Saved entries
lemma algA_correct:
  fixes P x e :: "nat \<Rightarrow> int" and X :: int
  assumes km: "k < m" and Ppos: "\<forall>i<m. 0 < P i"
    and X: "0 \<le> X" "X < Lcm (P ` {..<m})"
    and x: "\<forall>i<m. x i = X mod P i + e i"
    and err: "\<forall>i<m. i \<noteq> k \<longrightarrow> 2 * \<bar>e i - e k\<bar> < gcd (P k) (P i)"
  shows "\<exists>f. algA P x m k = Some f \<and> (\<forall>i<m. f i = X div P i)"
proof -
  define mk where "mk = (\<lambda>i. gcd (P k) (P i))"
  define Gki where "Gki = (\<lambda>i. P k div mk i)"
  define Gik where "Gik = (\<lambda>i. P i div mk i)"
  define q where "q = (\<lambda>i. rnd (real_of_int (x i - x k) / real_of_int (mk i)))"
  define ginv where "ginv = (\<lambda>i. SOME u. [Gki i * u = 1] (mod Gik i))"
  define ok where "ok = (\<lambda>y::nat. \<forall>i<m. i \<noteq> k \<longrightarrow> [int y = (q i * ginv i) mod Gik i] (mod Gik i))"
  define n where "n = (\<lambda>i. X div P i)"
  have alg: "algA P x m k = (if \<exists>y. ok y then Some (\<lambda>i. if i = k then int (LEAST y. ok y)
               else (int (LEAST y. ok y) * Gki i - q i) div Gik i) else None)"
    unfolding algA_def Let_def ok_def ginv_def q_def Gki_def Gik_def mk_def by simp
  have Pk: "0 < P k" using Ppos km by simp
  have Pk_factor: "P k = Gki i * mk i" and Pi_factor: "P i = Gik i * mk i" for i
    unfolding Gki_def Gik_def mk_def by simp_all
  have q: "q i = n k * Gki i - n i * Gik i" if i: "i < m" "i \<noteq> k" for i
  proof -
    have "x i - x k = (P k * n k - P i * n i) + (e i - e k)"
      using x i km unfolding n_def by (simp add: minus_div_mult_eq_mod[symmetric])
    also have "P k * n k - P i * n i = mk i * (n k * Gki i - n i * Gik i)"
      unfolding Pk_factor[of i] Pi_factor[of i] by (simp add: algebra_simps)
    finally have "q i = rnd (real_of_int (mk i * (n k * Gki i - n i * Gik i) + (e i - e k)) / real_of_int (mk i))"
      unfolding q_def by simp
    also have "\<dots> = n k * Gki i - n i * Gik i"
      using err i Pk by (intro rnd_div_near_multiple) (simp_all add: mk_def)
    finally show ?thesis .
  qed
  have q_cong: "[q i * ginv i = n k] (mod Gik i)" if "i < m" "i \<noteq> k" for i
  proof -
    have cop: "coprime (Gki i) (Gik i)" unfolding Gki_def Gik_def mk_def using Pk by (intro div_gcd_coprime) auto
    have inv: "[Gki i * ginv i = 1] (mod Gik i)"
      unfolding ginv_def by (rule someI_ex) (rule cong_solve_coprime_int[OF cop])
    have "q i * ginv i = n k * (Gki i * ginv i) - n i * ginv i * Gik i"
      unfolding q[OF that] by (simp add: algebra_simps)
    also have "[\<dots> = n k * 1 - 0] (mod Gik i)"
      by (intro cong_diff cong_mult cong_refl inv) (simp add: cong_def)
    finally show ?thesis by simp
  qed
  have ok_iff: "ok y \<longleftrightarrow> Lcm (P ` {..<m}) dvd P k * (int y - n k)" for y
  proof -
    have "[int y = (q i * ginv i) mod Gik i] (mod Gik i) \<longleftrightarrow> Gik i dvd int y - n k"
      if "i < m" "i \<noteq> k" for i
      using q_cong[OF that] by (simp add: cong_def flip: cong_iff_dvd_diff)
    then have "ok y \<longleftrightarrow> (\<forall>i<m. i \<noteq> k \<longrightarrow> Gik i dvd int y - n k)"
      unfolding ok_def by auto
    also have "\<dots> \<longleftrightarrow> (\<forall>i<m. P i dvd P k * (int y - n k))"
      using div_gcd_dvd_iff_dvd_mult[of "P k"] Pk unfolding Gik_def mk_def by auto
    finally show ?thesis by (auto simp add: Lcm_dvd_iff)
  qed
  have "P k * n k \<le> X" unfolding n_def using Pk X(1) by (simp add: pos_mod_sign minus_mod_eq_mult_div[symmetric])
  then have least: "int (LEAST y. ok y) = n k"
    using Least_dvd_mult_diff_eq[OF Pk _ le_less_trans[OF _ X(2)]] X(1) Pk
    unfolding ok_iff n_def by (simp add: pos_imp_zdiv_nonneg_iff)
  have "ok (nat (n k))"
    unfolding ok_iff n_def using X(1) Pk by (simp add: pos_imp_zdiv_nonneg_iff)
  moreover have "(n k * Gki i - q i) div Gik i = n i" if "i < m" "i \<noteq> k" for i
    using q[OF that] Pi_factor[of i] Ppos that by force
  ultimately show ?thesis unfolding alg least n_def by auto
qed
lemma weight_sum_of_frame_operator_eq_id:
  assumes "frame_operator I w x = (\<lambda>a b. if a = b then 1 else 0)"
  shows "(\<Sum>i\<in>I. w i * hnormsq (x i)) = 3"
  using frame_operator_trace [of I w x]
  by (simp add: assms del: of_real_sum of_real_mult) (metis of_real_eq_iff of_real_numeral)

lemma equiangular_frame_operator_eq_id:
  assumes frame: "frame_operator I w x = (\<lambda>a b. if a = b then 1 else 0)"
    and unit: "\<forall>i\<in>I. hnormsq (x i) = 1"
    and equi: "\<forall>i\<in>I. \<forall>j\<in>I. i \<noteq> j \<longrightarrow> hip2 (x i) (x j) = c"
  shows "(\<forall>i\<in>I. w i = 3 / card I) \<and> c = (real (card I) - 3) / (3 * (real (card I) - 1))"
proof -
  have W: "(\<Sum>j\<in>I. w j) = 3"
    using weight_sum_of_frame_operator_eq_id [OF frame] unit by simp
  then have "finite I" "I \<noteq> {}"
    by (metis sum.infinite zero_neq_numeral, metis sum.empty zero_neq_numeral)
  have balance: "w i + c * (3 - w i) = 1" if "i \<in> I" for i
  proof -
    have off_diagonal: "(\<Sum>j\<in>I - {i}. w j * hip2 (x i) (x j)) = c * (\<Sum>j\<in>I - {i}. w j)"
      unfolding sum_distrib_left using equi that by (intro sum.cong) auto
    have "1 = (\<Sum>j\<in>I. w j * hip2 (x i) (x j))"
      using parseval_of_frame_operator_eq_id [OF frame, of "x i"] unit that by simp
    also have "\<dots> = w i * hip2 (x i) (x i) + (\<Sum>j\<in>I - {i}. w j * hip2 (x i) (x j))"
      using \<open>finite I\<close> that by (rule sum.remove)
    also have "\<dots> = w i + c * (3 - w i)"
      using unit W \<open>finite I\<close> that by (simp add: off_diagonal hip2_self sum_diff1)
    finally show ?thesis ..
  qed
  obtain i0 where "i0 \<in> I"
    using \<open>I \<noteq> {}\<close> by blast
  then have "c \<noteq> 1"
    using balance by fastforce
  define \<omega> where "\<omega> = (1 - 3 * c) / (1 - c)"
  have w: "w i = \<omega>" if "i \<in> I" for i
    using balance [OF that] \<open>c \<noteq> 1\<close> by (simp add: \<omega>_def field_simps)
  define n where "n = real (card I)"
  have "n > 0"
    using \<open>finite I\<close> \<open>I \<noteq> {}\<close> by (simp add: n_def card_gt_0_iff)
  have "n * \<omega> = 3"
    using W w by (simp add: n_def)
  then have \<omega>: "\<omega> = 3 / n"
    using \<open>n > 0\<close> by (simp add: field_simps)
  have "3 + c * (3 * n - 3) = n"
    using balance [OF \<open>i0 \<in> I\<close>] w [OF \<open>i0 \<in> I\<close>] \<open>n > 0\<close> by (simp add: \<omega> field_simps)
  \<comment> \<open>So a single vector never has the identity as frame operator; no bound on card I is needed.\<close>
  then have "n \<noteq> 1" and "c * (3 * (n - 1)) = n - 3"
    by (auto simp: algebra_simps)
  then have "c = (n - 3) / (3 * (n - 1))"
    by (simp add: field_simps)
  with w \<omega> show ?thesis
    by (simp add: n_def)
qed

TASK REQUIREMENTS:
Your reply should hold only the lines from the first line of the records through the one with "define mk where", reproduced word for word.

TASK SOLUTION:
lemma algA_correct:
  fixes P x e :: "nat \<Rightarrow> int" and X :: int
  assumes km: "k < m" and Ppos: "\<forall>i<m. 0 < P i"
    and X: "0 \<le> X" "X < Lcm (P ` {..<m})"
    and x: "\<forall>i<m. x i = X mod P i + e i"
    and err: "\<forall>i<m. i \<noteq> k \<longrightarrow> 2 * \<bar>e i - e k\<bar> < gcd (P k) (P i)"
  shows "\<exists>f. algA P x m k = Some f \<and> (\<forall>i<m. f i = X div P i)"
proof -
  define mk where "mk = (\<lambda>i. gcd (P k) (P i))"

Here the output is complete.